While the approval is a victory, it comes with strong conditions that underline RBI’s focus on security and compliance:

  1. Mandatory System and Cybersecurity Audit — Paytm must conduct a comprehensive systems audit, including a detailed cybersecurity review, undertaken by a CERT-In empaneled auditor or certified professional.
  2. Six-Month Compliance Deadline — The audit must be completed and submitted to the RBI within six months.
  3. Scope Limitations — The authorization covers online payment aggregator operations but excludes certain merchant “pay-out” transactions through escrow accounts.

If these compliance requirements are not met on time, the Paytm RBI Approval will automatically lapse, putting the license at risk.

Impact on Paytm’s Business and the Digital Payments Market

With this approval, Paytm can immediately resume onboarding new online merchants, a critical growth lever for its payment transaction volumes. India’s digital payments sector is projected to surpass $3 trillion in annual transaction value by 2030, and Paytm’s return to new merchant acquisitions allows it to tap into this booming market with renewed force.

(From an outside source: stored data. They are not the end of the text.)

(* Let $\lambda$ be a normalized additively alternating $n\times n$ complex matrix of rank $n-1$, and let $I\subseteq\{0,\dots,n-1\}$ be the vertex set of a cycle of smoothable edges in the smoothing diagram of $\lambda$. Then: (1) every smoothable edge with both endpoints in $I$ (resp. both outside $I$) has all its colored angles with vertex in $I$ (resp. outside $I$); (2) the submatrix $(\lambda_{ij})_{i,j\in I}$ is normalized of corank one, and its smoothing diagram consists of the given cycle on $I$, with the same colorings of edges and angles; (3) $\lambda_{i_1j}=\lambda_{i_2j}$ for all $i_1,i_2\in I$ and $j\notin I$.
   Context: Additively alternating: $\lambda_{ji}=-\lambda_{ij}$; normalized: rows sum to $0$. The biresidue matrix of a normalized $\lambda$ of rank $m-1$ (size $m$) is the unique normalized alternating $b$ with $b|_\Delta=(\lambda|_\Delta)^{-1}$, $\Delta=\{z\in\mathbb{C}^m:\sum z_i=0\}$. Smoothing diagram of $\lambda$: the complete graph on the index set, where an edge $\{i,j\}$ is colored (smoothable) if $b_{ij}\ne0$ and $\theta_k:=(b_{jk}+b_{ki})/b_{ij}\in\mathbb{Z}_{\ge0}$ for all $k\ne i,j$, and for such an edge the angle $i-k-j$ is colored (darkly if $\theta_k=2$, lightly if $\theta_k=1$) whenever $\theta_k\ne0$. A cycle of smoothable edges is a sequence of $m\ge3$ distinct vertices $i_1,\dots,i_m$ with $\{i_1,i_2\},\dots,\{i_{m-1},i_m\},\{i_m,i_1\}$ all smoothable. *)

theory Defs
  imports Complex_Main "Jordan_Normal_Form.DL_Rank"
begin

text \<open>Matrices are functions nat => nat => complex, considered on a finite index set S
  (for the full matrix S = {..<n}; for a principal submatrix S = I, keeping original indices).\<close>

definition add_alternating :: "nat set \<Rightarrow> (nat \<Rightarrow> nat \<Rightarrow> complex) \<Rightarrow> bool" where
  "add_alternating S lam \<longleftrightarrow> (\<forall>i\<in>S. \<forall>j\<in>S. lam j i = - lam i j)"

definition normalized :: "nat set \<Rightarrow> (nat \<Rightarrow> nat \<Rightarrow> complex) \<Rightarrow> bool" where
  "normalized S lam \<longleftrightarrow> (\<forall>i\<in>S. (\<Sum>j\<in>S. lam i j) = 0)"

definition to_mat :: "nat set \<Rightarrow> (nat \<Rightarrow> nat \<Rightarrow> complex) \<Rightarrow> complex mat" where
  "to_mat S lam = mat (card S) (card S)
     (\<lambda>(a, b). lam (sorted_list_of_set S ! a) (sorted_list_of_set S ! b))"

definition mrank :: "nat set \<Rightarrow> (nat \<Rightarrow> nat \<Rightarrow> complex) \<Rightarrow> nat" where
  "mrank S lam = vec_space.rank (card S) (to_mat S lam)"

text \<open>b is a biresidue matrix of lam on S: normalized, alternating, and b restricted to
  Delta = {z. sum z = 0} inverts lam restricted to Delta (b maps Delta into Delta automatically
  since b is normalized alternating).\<close>
definition is_biresidue :: "nat set \<Rightarrow> (nat \<Rightarrow> nat \<Rightarrow> complex) \<Rightarrow> (nat \<Rightarrow> nat \<Rightarrow> complex) \<Rightarrow> bool" where
  "is_biresidue S lam b \<longleftrightarrow> add_alternating S b \<and> normalized S b \<and>
     (\<forall>z::nat \<Rightarrow> complex. (\<Sum>i\<in>S. z i) = 0 \<longrightarrow>
        (\<forall>i\<in>S. (\<Sum>j\<in>S. lam i j * (\<Sum>k\<in>S. b j k * z k)) = z i))"

definition biresidue :: "nat set \<Rightarrow> (nat \<Rightarrow> nat \<Rightarrow> complex) \<Rightarrow> (nat \<Rightarrow> nat \<Rightarrow> complex)" where
  "biresidue S lam = (THE b. is_biresidue S lam b \<and> (\<forall>i j. i \<notin> S \<or> j \<notin> S \<longrightarrow> b i j = 0))"

definition theta :: "nat set \<Rightarrow> (nat \<Rightarrow> nat \<Rightarrow> complex) \<Rightarrow> nat \<Rightarrow> nat \<Rightarrow> nat \<Rightarrow> complex" where
  "theta S lam i j k = (let b = biresidue S lam in (b j k + b k i) / b i j)"

definition smoothable :: "nat set \<Rightarrow> (nat \<Rightarrow> nat \<Rightarrow> complex) \<Rightarrow> nat \<Rightarrow> nat \<Rightarrow> bool" where
  "smoothable S lam i j \<longleftrightarrow> i \<in> S \<and> j \<in> S \<and> i \<noteq> j \<and> biresidue S lam i j \<noteq> 0 \<and>
     (\<forall>k\<in>S - {i, j}. \<exists>m::nat. theta S lam i j k = of_nat m)"

text \<open>Angle i-k-j (vertex k) of the smoothable edge {i,j}.\<close>
definition angle_colored :: "nat set \<Rightarrow> (nat \<Rightarrow> nat \<Rightarrow> complex) \<Rightarrow> nat \<Rightarrow> nat \<Rightarrow> nat \<Rightarrow> bool" where
  "angle_colored S lam i j k \<longleftrightarrow> smoothable S lam i j \<and> k \<in> S - {i, j} \<and> theta S lam i j k \<noteq> 0"

definition angle_dark :: "nat set \<Rightarrow> (nat \<Rightarrow> nat \<Rightarrow> complex) \<Rightarrow> nat \<Rightarrow> nat \<Rightarrow> nat \<Rightarrow> bool" where
  "angle_dark S lam i j k \<longleftrightarrow> smoothable S lam i j \<and> k \<in> S - {i, j} \<and> theta S lam i j k = 2"

definition angle_light :: "nat set \<Rightarrow> (nat \<Rightarrow> nat \<Rightarrow> complex) \<Rightarrow> nat \<Rightarrow> nat \<Rightarrow> nat \<Rightarrow> bool" where
  "angle_light S lam i j k \<longleftrightarrow> smoothable S lam i j \<and> k \<in> S - {i, j} \<and> theta S lam i j k = 1"

definition smooth_cycle :: "nat set \<Rightarrow> (nat \<Rightarrow> nat \<Rightarrow> complex) \<Rightarrow> nat list \<Rightarrow> bool" where
  "smooth_cycle S lam cs \<longleftrightarrow> distinct cs \<and> length cs \<ge> 3 \<and> set cs \<subseteq> S \<and>
     (\<forall>t < length cs. smoothable S lam (cs ! t) (cs ! ((t + 1) mod length cs)))"

definition cycle_edge :: "nat list \<Rightarrow> nat \<Rightarrow> nat \<Rightarrow> bool" where
  "cycle_edge cs i j \<longleftrightarrow> (\<exists>t < length cs. {i, j} = {cs ! t, cs ! ((t + 1) mod length cs)})"

end

theory Submission
  imports Defs
begin

text \<open>
  Write b for the biresidue of lam, so that lam b is the projection onto the zero-sum vectors.
  For a vertex k off the cycle, the numerator b(i_{t+1},k) + b(k,i_t) of the angle number at k of
  the t-th cycle edge is a natural multiple of the edge weight b(i_t,i_{t+1}); consecutive weights
  are positive multiples of each other, and the numerators telescope to zero around the cycle.
  Hence all of them vanish: every row of b outside the vertex set I is constant on I. Then b maps
  the zero-sum vectors supported on I onto themselves, and as lam inverts b, the rows of lam
  outside I are constant on I as well. So lam restricted to I is normalized, its kernel consists
  of the constants, and its biresidue is b restricted to I. A chord of the cycle would cut it
  into two shorter smooth cycles with every other vertex off one of them, so all angle numbers
  of the chord would vanish although they add up to 2. The remaining claims are read off from
  the block structure of b.
\<close>

section \<open>Normalized alternating matrices whose kernel consists of the constants\<close>

lemma alternating_normalized_col_sum:
  assumes "add_alternating S lam" "normalized S lam" "j \<in> S"
  shows "(\<Sum>i\<in>S. lam i j) = 0"
proof -
  have "(\<Sum>i\<in>S. lam i j) = (\<Sum>i\<in>S. - lam j i)"
    using assms(1,3) unfolding add_alternating_def by (intro sum.cong) blast+
  also have "\<dots> = 0" using assms(2,3) unfolding normalized_def by (simp add: sum_negf)
  finally show ?thesis .
qed

lemma alternating_double_sum:
  assumes "finite S" "add_alternating S x"
  shows "(\<Sum>i\<in>S. \<Sum>j\<in>S. x i j) = 0"
proof -
  have "(\<Sum>i\<in>S. \<Sum>j\<in>S. x i j) = (\<Sum>j\<in>S. \<Sum>i\<in>S. x i j)" by (rule sum.swap)
  also have "\<dots> = (\<Sum>j\<in>S. \<Sum>i\<in>S. - x j i)"
    using assms(2) unfolding add_alternating_def by (intro sum.cong) blast+
  also have "\<dots> = - (\<Sum>i\<in>S. \<Sum>j\<in>S. x i j)" by (simp add: sum_negf)
  finally show ?thesis by simp
qed

lemma const_zero_sum_eq_0:
  fixes y :: "nat \<Rightarrow> complex"
  assumes "finite S" "\<forall>i\<in>S. \<forall>j\<in>S. y i = y j" "(\<Sum>i\<in>S. y i) = 0" "j \<in> S"
  shows "y j = 0"
proof -
  have "(\<Sum>i\<in>S. y i) = (\<Sum>i\<in>S. y j)" using assms(2,4) by (intro sum.cong) blast+
  then have "(\<Sum>i\<in>S. y i) = of_nat (card S) * y j" by simp
  moreover have "card S \<noteq> 0" using assms(1,4) by auto
  ultimately show ?thesis using assms(3) by simp
qed

definition constant_kernel :: "nat set \<Rightarrow> (nat \<Rightarrow> nat \<Rightarrow> complex) \<Rightarrow> bool" where
  "constant_kernel S x \<longleftrightarrow>
     (\<forall>u. (\<forall>i\<in>S. (\<Sum>j\<in>S. x i j * u j) = 0) \<longrightarrow> (\<forall>i\<in>S. \<forall>j\<in>S. u i = u j))"

definition inj_on_zero_sum :: "nat set \<Rightarrow> (nat \<Rightarrow> nat \<Rightarrow> complex) \<Rightarrow> bool" where
  "inj_on_zero_sum S x \<longleftrightarrow>
     (\<forall>u. (\<Sum>j\<in>S. u j) = 0 \<longrightarrow> (\<forall>i\<in>S. (\<Sum>j\<in>S. x i j * u j) = 0) \<longrightarrow> (\<forall>j\<in>S. u j = 0))"

lemma constant_kernel_imp_inj_on_zero_sum:
  assumes "finite S" "constant_kernel S x"
  shows "inj_on_zero_sum S x"
  unfolding inj_on_zero_sum_def
proof (intro allI impI ballI)
  fix u j assume "(\<Sum>j\<in>S. u j) = 0" "\<forall>i\<in>S. (\<Sum>j\<in>S. x i j * u j) = 0" "j \<in> S"
  then show "u j = 0"
    using assms const_zero_sum_eq_0[of S u j] unfolding constant_kernel_def by blast
qed
(* Consider the stacked dataset and the regression $$\Delta Y_{i,t,g}=\lambda_{s,t,g}+\eta_{q,t,g}+\sum_{e\in\{-L,\dots,K\}\setminus\{-1\}}\tau_e\,\mathbb 1\{S_i=g,Q_i=1,t=g+e\}+\varepsilon_{i,t,g},$$ where $\lambda_{s,t,g}$ is a fixed effect for each (group $s\in\{g,g_c(g)\}$, period $t$, stack $g$) and $\eta_{q,t,g}$ for each (eligibility $q\in\{0,1\}$, period $t$, stack $g$). Assume every cell count in every stack is positive. Then for each $e\neq-1$ the OLS coefficient satisfies, with $\mathcal G_{\mathrm{trg}}(e)=\{g\in\mathcal G_{\mathrm{trg}}:1\le g+e\le T\}$, $$\hat\tau_e=\sum_{g\in\mathcal G_{\mathrm{trg}}(e)}w^{\mathrm{FWL}}_g(e)\,\hat\tau^{\mathrm{sat}}_{g,g+e},\qquad w^{\mathrm{FWL}}_g(e)=\frac{V_{g}}{\sum_{g'\in\mathcal G_{\mathrm{trg}}(e)}V_{g'}},\quad V_g=\Big(\tfrac1{n^{(g)}_{g,1}}+\tfrac1{n^{(g)}_{g,0}}+\tfrac1{n^{(g)}_{g_c(g),1}}+\tfrac1{n^{(g)}_{g_c(g),0}}\Big)^{-1},$$ so $w^{\mathrm{FWL}}_g(e)>0$ and $\sum_gw^{\mathrm{FWL}}_g(e)=1$. Moreover, under i.i.d. sampling, overlap, no anticipation, DDD-PCT, admissibility and non-vanishing shares, $w^{\mathrm{FWL}}_g(e)\xrightarrow{p}w^*_g(e)$ for constants $w^*_g(e)>0$ summing to one, and $\hat\tau_e\xrightarrow{p}\sum_{g\in\mathcal G_{\mathrm{trg}}(e)}w^*_g(e)\,\mathrm{CATT}(g,e)$; in particular no $\mathrm{CATT}(g,e')$ with $e'\ne e$ enters the limit.
   Context: Setup: $n$ units observed over $t\in\{1,\dots,T\}$ ($T$ fixed, number of cohorts fixed, $n\to\infty$); treatment-enabling group $S_i\in\mathcal S\subseteq\{2,\dots,T\}\cup\{\infty\}$; time-invariant eligibility $Q_i\in\{0,1\}$; $\mathcal G_{\mathrm{trg}}=\mathcal S\setminus\{\infty\}$. Potential outcomes $Y_{i,t}(g)$, $Y_{i,t}(\infty)$ with $Y_{i,t}(g)=Y_{i,t}(\infty)$ for $t<g$; observed $Y_{i,t}=Y_{i,t}(g)$ if $S_i=g\in\mathcal G_{\mathrm{trg}}$, $Q_i=1$, else $Y_{i,t}(\infty)$. $\mathrm{CATT}(g,e)=\mathbb E[Y_{i,g+e}(g)-Y_{i,g+e}(\infty)\mid S_i=g,Q_i=1]$. Stacks: window lengths $L\ge1$, $K\ge0$; for each $g\in\mathcal G_{\mathrm{trg}}$ a comparison group $g_c(g)\in\mathcal S$ with $g_c(g)>g+K$; stack $\mathbb S_g$ contains units with $S_i\in\{g,g_c(g)\}$ over periods $\{g-L,\dots,g+K\}$, with four cells $(S_i,Q_i)\in\{(g,1),(g,0),(g_c(g),1),(g_c(g),0)\}$ of counts $n^{(g)}_{s,q}$. The stacked dataset has one observation $(i,t,g)$ per stack $g$, unit $i\in\mathbb S_g$, period $t$ in the window (a unit may appear in several stacks), with outcome $\Delta Y_{i,t,g}=Y_{i,t}-Y_{i,g-1}$. $\hat\tau^{\mathrm{sat}}_{g,t}=(\overline{\Delta Y}_{g,1,t}-\overline{\Delta Y}_{g,0,t})-(\overline{\Delta Y}_{g_c,1,t}-\overline{\Delta Y}_{g_c,0,t})$ computed within $\mathbb S_g$ with cell means of $\Delta Y_{i,t,g}$. Assumptions: i.i.d. sampling with finite second moments; overlap $\mathbb P(S_i=s,Q_i=q)>0$; no anticipation ($Y_{i,t}(g)=Y_{i,t}(\infty)$ a.s. for $t<g$); DDD-PCT: for all $g\in\mathcal G_{\mathrm{trg}}$, $g_c\in\mathcal S$, $g_c>g$, $t\in\{2,\dots,T\}$, $t\le g_c$: $\Delta_t(g,1)-\Delta_t(g,0)=\Delta_t(g_c,1)-\Delta_t(g_c,0)$ with $\Delta_t(s,q)=\mathbb E[Y_{i,t}(\infty)-Y_{i,t-1}(\infty)\mid S_i=s,Q_i=q]$; admissibility: each stack cell has positive probability; non-vanishing shares: $n_g/n$ and within-stack shares $n^{(g)}_{s,q}/n_g$ converge in probability to strictly positive limits, where $n_g=\sum_{s,q}n^{(g)}_{s,q}$. *)

theory Defs
  imports "HOL-Probability.Probability" "HOL-Library.Extended_Nat"
begin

Industry analysts believe that the RBI nod will remove investor concerns about regulatory instability, potentially boosting Paytm’s market value in the coming quarters. This development also comes at a time when Paytm is reporting stronger financial performance:

  • Revenue Growth — Q1 FY26 revenue rose 28% year-on-year to Rs 1,918 crore.
  • Profitability Milestone — First-ever quarterly profit since going public, at Rs 123 crore.

Paytm Payments Services: Competitive Advantage in the Fintech Space

The approval gives Paytm an edge in the fight for dominance in India’s crowded payment aggregator market, where rivals like Razorpay, Cashfree, and PhonePe are already aggressive in merchant acquisition. With its established brand, vast user base, and integrated ecosystem — including QR payments, wallets, UPI, and lending solutions — Paytm can now accelerate growth with full regulatory backing.

Furthermore, by meeting RBI’s advanced compliance standards, Paytm not only gains operational clearance but also reinforces customer trust, a critical factor in fintech adoption.

Conclusion: A Turning Point for Paytm Payments Services

The Paytm RBI Approval is more than just regulatory consent — it signals a new chapter for the Noida-based fintech giant. By clearing compliance hurdles, restructuring ownership, and securing the right approvals, Paytm is strategically positioned to scale in India’s digital payments revolution.

Over the next few quarters, execution will be key — meeting RBI’s cybersecurity audit requirements, expanding the merchant network, and leveraging its multi-product ecosystem will determine whether Paytm can translate this regulatory win into market dominance.

For now, one thing is clear: this landmark approval sets the stage for Paytm’s re-emergence as a stronger, more compliant, and more competitive leader in India’s payment aggregator industry.